**Work item**. Return each line of the listing that contains the string "intro".

**Provided data**.
※

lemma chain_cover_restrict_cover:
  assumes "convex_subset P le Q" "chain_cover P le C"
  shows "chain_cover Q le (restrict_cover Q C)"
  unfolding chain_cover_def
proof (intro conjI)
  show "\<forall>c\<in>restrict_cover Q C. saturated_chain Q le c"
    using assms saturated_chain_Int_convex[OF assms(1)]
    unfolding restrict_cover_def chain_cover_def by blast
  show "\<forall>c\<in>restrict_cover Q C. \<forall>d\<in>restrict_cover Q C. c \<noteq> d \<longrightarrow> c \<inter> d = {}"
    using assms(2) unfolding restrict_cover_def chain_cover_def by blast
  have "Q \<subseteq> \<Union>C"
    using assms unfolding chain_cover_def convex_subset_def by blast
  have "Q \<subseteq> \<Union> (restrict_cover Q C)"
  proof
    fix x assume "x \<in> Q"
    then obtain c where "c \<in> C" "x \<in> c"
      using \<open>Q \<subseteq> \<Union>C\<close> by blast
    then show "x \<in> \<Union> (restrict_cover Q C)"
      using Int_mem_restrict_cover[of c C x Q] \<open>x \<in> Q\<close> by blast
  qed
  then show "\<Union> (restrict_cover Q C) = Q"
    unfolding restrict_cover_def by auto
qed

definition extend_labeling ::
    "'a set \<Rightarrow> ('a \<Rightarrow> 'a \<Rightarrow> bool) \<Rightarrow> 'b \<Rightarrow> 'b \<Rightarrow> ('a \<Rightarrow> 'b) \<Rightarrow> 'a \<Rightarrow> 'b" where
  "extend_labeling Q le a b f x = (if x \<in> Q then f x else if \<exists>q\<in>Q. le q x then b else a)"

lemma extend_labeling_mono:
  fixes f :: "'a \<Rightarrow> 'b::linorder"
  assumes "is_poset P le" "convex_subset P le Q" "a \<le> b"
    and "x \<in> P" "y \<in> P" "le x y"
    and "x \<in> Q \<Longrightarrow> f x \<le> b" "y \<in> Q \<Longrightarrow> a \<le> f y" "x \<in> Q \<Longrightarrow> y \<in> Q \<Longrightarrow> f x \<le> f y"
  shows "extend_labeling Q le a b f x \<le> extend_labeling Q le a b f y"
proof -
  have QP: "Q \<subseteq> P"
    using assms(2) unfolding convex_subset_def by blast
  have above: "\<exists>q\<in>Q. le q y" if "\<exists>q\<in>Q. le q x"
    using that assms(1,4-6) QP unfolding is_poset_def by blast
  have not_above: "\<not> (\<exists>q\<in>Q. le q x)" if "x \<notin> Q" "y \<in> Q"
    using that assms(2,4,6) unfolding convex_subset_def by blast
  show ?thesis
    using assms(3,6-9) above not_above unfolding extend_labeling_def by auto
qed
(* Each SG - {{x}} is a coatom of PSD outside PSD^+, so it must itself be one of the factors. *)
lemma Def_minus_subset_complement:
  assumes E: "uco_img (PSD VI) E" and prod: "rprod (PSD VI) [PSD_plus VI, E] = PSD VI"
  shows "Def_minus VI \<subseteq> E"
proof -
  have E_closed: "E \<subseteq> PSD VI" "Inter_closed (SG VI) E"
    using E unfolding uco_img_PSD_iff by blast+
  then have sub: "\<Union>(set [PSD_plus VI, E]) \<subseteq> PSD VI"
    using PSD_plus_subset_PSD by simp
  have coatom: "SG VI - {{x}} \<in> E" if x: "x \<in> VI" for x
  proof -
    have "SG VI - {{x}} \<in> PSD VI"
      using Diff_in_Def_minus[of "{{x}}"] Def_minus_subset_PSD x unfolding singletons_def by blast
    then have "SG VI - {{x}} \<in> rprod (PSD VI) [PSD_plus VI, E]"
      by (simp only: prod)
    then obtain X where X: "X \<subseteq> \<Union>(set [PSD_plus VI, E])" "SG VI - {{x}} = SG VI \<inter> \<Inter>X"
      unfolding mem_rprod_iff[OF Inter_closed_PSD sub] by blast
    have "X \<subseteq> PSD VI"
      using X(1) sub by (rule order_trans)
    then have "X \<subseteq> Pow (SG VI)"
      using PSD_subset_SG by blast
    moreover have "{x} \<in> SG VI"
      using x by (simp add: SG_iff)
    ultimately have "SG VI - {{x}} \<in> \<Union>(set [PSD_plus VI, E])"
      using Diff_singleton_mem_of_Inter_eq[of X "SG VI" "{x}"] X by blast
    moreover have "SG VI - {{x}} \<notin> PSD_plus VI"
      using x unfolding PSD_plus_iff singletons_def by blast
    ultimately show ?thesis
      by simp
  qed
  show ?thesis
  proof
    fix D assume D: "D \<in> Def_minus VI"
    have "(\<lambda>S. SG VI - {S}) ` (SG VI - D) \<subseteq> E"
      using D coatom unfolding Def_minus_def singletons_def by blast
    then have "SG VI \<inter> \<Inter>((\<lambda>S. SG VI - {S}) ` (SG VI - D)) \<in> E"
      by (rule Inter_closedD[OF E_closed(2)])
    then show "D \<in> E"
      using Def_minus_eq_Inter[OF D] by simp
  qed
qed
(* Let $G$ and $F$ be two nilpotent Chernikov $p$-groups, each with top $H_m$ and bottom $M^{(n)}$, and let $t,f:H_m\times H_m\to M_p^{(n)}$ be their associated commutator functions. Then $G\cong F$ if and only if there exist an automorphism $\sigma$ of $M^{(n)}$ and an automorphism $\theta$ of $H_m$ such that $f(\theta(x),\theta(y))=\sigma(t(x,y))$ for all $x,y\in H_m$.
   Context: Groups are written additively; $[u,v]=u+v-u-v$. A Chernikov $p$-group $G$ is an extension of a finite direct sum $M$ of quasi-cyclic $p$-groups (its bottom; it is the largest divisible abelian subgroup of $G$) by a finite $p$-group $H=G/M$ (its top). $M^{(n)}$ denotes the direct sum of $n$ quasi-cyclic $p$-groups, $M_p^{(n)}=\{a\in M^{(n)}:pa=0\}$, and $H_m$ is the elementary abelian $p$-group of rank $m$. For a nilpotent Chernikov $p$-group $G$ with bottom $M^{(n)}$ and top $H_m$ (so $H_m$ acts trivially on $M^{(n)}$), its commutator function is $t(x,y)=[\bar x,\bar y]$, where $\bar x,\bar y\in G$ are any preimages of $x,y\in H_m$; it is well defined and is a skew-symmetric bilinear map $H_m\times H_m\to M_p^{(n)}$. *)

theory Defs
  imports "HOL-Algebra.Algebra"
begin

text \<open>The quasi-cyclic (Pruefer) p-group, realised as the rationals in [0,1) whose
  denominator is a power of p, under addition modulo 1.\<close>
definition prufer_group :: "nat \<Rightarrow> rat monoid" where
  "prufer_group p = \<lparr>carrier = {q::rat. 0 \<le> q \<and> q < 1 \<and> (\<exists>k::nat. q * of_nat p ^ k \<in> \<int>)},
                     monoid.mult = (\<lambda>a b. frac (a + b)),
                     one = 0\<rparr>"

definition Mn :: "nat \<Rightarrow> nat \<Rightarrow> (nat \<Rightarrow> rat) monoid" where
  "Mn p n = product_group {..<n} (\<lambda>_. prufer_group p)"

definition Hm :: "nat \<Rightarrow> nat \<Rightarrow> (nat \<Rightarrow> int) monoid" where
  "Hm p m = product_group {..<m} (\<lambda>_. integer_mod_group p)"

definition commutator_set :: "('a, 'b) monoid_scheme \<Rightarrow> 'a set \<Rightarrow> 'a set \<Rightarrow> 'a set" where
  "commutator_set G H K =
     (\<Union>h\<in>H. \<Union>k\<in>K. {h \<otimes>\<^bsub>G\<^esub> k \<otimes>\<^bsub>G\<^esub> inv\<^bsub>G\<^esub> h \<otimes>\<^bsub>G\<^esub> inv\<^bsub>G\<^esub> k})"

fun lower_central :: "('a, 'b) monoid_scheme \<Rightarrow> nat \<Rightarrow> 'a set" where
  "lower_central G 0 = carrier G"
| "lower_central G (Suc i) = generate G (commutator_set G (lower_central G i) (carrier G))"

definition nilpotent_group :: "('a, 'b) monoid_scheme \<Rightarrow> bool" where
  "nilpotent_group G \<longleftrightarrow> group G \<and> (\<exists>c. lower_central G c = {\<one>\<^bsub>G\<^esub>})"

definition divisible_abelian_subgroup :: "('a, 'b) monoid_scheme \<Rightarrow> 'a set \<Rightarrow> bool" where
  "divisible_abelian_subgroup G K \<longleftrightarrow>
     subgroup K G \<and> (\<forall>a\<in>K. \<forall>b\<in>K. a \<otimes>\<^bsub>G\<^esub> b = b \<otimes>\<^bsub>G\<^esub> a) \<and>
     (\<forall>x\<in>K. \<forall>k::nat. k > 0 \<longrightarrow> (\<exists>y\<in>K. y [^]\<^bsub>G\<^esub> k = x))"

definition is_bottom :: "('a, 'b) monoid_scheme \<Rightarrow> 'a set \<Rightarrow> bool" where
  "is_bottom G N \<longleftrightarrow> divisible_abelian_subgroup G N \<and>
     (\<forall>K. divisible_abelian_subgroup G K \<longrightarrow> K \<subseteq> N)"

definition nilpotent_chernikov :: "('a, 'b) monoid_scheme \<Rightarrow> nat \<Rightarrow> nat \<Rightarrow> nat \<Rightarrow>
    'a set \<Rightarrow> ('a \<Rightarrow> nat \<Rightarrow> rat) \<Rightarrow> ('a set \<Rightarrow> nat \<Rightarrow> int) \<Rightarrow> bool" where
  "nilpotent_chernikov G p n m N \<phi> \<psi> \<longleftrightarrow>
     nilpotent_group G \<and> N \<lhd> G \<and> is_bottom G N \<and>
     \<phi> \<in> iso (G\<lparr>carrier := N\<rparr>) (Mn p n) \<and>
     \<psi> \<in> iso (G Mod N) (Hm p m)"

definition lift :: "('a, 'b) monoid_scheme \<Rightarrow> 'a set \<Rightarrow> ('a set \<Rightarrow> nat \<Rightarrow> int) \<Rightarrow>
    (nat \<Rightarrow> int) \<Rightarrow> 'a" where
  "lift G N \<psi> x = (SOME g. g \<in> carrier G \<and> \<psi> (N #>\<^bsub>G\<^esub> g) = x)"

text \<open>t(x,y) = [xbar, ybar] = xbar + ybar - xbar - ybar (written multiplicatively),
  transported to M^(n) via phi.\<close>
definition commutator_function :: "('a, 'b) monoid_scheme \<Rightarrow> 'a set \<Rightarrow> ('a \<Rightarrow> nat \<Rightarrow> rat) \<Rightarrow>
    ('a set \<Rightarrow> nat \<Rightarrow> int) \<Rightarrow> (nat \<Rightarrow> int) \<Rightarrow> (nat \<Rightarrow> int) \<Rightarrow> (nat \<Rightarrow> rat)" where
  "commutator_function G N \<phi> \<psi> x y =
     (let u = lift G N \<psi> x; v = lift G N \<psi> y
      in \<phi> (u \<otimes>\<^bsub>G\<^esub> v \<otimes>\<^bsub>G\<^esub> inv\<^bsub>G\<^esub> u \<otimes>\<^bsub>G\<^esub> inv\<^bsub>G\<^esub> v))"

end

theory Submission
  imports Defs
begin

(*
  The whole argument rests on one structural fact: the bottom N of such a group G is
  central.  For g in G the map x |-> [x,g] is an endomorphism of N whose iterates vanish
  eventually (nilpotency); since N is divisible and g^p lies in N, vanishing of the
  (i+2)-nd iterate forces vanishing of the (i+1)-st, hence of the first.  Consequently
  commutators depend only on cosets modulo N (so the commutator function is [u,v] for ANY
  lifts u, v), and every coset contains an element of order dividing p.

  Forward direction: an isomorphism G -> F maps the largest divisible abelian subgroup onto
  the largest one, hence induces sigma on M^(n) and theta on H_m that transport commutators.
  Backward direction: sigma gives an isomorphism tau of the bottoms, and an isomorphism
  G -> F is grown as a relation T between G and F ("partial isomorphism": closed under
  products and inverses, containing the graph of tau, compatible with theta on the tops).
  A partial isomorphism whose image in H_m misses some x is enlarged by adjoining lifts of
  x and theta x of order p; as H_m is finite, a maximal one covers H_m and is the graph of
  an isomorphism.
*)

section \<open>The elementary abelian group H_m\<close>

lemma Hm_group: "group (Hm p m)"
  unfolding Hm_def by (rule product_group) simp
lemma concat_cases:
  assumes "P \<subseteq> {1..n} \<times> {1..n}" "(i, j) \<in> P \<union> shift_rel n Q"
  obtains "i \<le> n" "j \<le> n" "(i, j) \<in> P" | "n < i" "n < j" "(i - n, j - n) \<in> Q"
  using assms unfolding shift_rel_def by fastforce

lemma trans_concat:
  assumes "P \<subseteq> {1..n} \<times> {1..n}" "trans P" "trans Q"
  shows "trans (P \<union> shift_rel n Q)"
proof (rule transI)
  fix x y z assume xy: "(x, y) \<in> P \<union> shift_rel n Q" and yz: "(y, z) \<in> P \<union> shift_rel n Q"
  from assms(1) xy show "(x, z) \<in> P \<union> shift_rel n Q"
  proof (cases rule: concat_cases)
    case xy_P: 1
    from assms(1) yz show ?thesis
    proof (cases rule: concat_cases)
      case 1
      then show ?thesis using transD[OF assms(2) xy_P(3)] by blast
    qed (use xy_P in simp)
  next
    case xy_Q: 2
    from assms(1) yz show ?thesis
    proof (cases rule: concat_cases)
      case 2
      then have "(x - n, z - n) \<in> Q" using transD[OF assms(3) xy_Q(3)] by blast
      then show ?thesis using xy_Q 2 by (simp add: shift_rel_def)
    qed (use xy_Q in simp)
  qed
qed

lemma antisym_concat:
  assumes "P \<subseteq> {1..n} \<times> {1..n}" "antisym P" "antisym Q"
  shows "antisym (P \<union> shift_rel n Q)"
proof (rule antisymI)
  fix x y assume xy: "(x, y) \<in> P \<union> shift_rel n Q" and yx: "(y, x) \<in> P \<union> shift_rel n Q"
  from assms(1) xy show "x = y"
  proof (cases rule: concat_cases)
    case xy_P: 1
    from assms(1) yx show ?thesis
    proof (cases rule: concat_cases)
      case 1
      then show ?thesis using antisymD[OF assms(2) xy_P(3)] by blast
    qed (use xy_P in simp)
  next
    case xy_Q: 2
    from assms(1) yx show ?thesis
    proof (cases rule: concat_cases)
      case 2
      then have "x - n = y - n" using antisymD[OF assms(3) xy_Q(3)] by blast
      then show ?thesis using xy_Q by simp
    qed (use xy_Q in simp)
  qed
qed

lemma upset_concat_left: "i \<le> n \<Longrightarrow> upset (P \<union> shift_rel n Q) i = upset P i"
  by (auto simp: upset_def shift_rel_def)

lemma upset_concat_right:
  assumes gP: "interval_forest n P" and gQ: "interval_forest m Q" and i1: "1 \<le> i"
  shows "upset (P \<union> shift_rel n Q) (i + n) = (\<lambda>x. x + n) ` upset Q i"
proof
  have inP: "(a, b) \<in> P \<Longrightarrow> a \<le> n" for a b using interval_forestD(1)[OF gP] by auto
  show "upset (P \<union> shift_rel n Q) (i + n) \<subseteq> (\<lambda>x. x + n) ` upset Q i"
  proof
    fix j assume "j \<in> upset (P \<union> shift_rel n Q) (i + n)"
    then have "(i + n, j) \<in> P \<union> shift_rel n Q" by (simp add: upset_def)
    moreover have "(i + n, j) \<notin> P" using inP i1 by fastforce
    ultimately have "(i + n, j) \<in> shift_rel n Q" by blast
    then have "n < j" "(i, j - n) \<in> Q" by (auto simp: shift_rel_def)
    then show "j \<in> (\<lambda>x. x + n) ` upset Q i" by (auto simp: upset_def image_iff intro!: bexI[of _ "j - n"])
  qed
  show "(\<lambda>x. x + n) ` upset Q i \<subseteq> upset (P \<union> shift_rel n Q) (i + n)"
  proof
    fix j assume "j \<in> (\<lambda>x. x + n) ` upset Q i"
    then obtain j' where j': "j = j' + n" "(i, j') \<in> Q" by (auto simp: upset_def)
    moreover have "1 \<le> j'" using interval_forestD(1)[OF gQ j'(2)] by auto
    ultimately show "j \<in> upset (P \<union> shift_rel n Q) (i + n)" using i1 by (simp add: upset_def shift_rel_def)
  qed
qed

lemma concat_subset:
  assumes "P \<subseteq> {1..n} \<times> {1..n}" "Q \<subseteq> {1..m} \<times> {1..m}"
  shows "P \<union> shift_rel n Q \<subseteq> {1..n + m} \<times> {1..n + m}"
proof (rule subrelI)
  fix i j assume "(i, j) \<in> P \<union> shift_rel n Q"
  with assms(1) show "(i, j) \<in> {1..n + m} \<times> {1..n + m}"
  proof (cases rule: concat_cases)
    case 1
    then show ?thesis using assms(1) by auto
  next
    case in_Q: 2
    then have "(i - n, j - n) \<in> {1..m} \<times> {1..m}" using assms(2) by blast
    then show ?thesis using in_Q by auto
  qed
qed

※

**Answer for this exercise**.
proof (intro conjI)
    then show "j \<in> (\<lambda>x. x + n) ` upset Q i" by (auto simp: upset_def image_iff intro!: bexI[of _ "j - n"])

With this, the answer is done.